What you should do — Using the records below, copy out exactly the line that contains "theory Defs" and every line that follows it, up to and including the last, and no others.

Information shown —
= = =
(* If a formula $A$ is derivable in the axiom system of $\mathbb{PCL}$ or of one of its extensions $\mathbb{PS}$ ($S$ a string among N, T, W, C, U, NU, TU, WU, CU, A, NA, TA, WA, CA), then for any world label $x$ the sequent $\Rightarrow x:A$ is derivable in the corresponding calculus $\mathsf{CL}$, respectively $\mathsf{CL}^S$.
   Context: Formulas $\mathcal{L}::=p\mid\bot\mid A\wedge B\mid A\lor B\mid A\to B\mid A>B$, $\neg A:=A\to\bot$, $\top:=\neg\bot$. Axiom systems: $\mathbb{PCL}$ = classical propositional logic + (RCEA) from $A\leftrightarrow B$ infer $(A>C)\leftrightarrow(B>C)$; (RCK) from $A\to B$ infer $(C>A)\to(C>B)$; (ID) $A>A$; (R-And) $(A>B)\wedge(A>C)\to(A>(B\wedge C))$; (CM) $(A>B)\wedge(A>C)\to((A\wedge B)>C)$; (OR) $(A>C)\wedge(B>C)\to((A\lor B)>C)$. (N) $\neg(\top>\bot)$; (T) $A\to\neg(A>\bot)$; (W) $(A>B)\to(A\to B)$; (C) $(A\wedge B)\to(A>B)$; (U$_1$) $(\neg A>\bot)\to(\neg(\neg A>\bot)>\bot)$; (U$_2$) $\neg(A>\bot)\to((A>\bot)>\bot)$; (A$_1$) $(A>B)\to(C>(A>B))$; (A$_2$) $\neg(A>B)\to(C>\neg(A>B))$. $\mathbb{PN}=\mathbb{PCL}+$(N), $\mathbb{PT}=\mathbb{PN}+$(T), $\mathbb{PW}=\mathbb{PT}+$(W), $\mathbb{PC}=\mathbb{PW}+$(C); $\mathbb{PU}=\mathbb{PCL}+$(U$_1$),(U$_2$), $\mathbb{PNU},\dots,\mathbb{PCU}$ add (N); (N),(T); etc. to $\mathbb{PU}$; $\mathbb{PA}=\mathbb{PCL}+$(A$_1$),(A$_2$), $\mathbb{PNA},\dots,\mathbb{PCA}$ analogously. Sequent calculi: world labels $x,y,\dots$; neighbourhood labels $a,b,\dots$ incl. $\{x\}$. Relational atoms $a\in N(x)$, $x\in a$, $a\subseteq b$; labelled formulas: these, $x:A$, $a\Vdash^\exists A$, $a\Vdash^\forall A$, $x\Vdash_aA|B$. Sequents: multisets, relational atoms only on the left. Rules of $\mathsf{CL}$ (premisses / conclusion; "(u!)": $u$ fresh): initial $x:p,\Gamma\Rightarrow\Delta,x:p$ ($p$ atomic), $x:\bot,\Gamma\Rightarrow\Delta$; G3 rules for $\wedge,\vee,\to$; L$\forall$: $x:A,x\in a,a\Vdash^\forall A,\Gamma\Rightarrow\Delta$ / $x\in a,a\Vdash^\forall A,\Gamma\Rightarrow\Delta$; R$\forall$(x!): $x\in a,\Gamma\Rightarrow\Delta,x:A$ / $\Gamma\Rightarrow\Delta,a\Vdash^\forall A$; L$\exists$(x!): $x\in a,x:A,\Gamma\Rightarrow\Delta$ / $a\Vdash^\exists A,\Gamma\Rightarrow\Delta$; R$\exists$: $x\in a,\Gamma\Rightarrow\Delta,x:A,a\Vdash^\exists A$ / $x\in a,\Gamma\Rightarrow\Delta,a\Vdash^\exists A$; R$>$(a!): $a\in N(x),a\Vdash^\exists A,\Gamma\Rightarrow\Delta,x\Vdash_aA|B$ / $\Gamma\Rightarrow\Delta,x:A>B$; L$>$: $a\in N(x),x:A>B,\Gamma\Rightarrow\Delta,a\Vdash^\exists A$ and $x\Vdash_aA|B,a\in N(x),x:A>B,\Gamma\Rightarrow\Delta$ / $a\in N(x),x:A>B,\Gamma\Rightarrow\Delta$; R$|$: $c\in N(x),c\subseteq a,\Gamma\Rightarrow\Delta,x\Vdash_aA|B,c\Vdash^\exists A$ and $c\in N(x),c\subseteq a,\Gamma\Rightarrow\Delta,x\Vdash_aA|B,c\Vdash^\forall A\to B$ / $c\in N(x),c\subseteq a,\Gamma\Rightarrow\Delta,x\Vdash_aA|B$; L$|$(c!): $c\in N(x),c\subseteq a,c\Vdash^\exists A,c\Vdash^\forall A\to B,\Gamma\Rightarrow\Delta$ / $x\Vdash_aA|B,\Gamma\Rightarrow\Delta$; Ref: $a\subseteq a,\Gamma\Rightarrow\Delta$ / $\Gamma\Rightarrow\Delta$; Tr: $c\subseteq a,c\subseteq b,b\subseteq a,\Gamma\Rightarrow\Delta$ / $c\subseteq b,b\subseteq a,\Gamma\Rightarrow\Delta$; L$\subseteq$: $x\in a,a\subseteq b,x\in b,\Gamma\Rightarrow\Delta$ / $x\in a,a\subseteq b,\Gamma\Rightarrow\Delta$. Extension rules: N(a!): $a\in N(x),\Gamma\Rightarrow\Delta$ / $\Gamma\Rightarrow\Delta$; 0(y!): $y\in a,a\in N(x),\Gamma\Rightarrow\Delta$ / $a\in N(x),\Gamma\Rightarrow\Delta$; T(a!): $x\in a,a\in N(x),\Gamma\Rightarrow\Delta$ / $\Gamma\Rightarrow\Delta$; W: $x\in a,a\in N(x),\Gamma\Rightarrow\Delta$ / $a\in N(x),\Gamma\Rightarrow\Delta$; Single: $x\in\{x\},\{x\}\in N(x),\Gamma\Rightarrow\Delta$ / $\{x\}\in N(x),\Gamma\Rightarrow\Delta$; C: $\{x\}\in N(x),\{x\}\subseteq a,a\in N(x),\Gamma\Rightarrow\Delta$ / $a\in N(x),\Gamma\Rightarrow\Delta$; Repl$_1$: $y\in\{x\},At(x),At(y),\Gamma\Rightarrow\Delta$ / $y\in\{x\},At(x),\Gamma\Rightarrow\Delta$; Repl$_2$: same premiss / $y\in\{x\},At(y),\Gamma\Rightarrow\Delta$ ($At(x)$ among $x:P$, $P$ atomic, $x\in a$, $a\in N(x)$, $x\in\{z\}$); U$_1$(c!): $z\in c,c\in N(x),a\in N(x),y\in a,b\in N(y),z\in b,\Gamma\Rightarrow\Delta$ / $a\in N(x),y\in a,b\in N(y),z\in b,\Gamma\Rightarrow\Delta$; U$_2$(c!): $z\in c,c\in N(y),a\in N(x),y\in a,b\in N(x),z\in b,\Gamma\Rightarrow\Delta$ / $a\in N(x),y\in a,b\in N(x),z\in b,\Gamma\Rightarrow\Delta$; A$_1$: $b\in N(y),a\in N(x),y\in a,b\in N(x),\Gamma\Rightarrow\Delta$ / $a\in N(x),y\in a,b\in N(x),\Gamma\Rightarrow\Delta$; A$_2$: $b\in N(x),a\in N(x),y\in a,b\in N(y),\Gamma\Rightarrow\Delta$ / $a\in N(x),y\in a,b\in N(y),\Gamma\Rightarrow\Delta$; plus contracted instances of U$_1$,U$_2$,A$_1$. Calculi: $\mathsf{CL}^N=\mathsf{CL}+$N,0; $\mathsf{CL}^T=\mathsf{CL}^N+$T; $\mathsf{CL}^W=\mathsf{CL}^T+$W; $\mathsf{CL}^C=\mathsf{CL}^W+$C,Single,Repl$_1$,Repl$_2$; $\mathsf{CL}^U=\mathsf{CL}+$U$_1$,U$_2$; $\mathsf{CL}^{NU},\dots,\mathsf{CL}^{CU}$ = $\mathsf{CL}^N,\dots,\mathsf{CL}^C$ + U$_1$,U$_2$; $\mathsf{CL}^A=\mathsf{CL}+$A$_1$,A$_2$; $\mathsf{CL}^{NA},\dots,\mathsf{CL}^{CA}$ = $\mathsf{CL}^N,\dots,\mathsf{CL}^C$ + A$_1$,A$_2$. *)

theory Defs
  imports Main "HOL-Library.Multiset"
begin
= = =
Result for this task —
theory Defs
  imports Main "HOL-Library.Multiset"
begin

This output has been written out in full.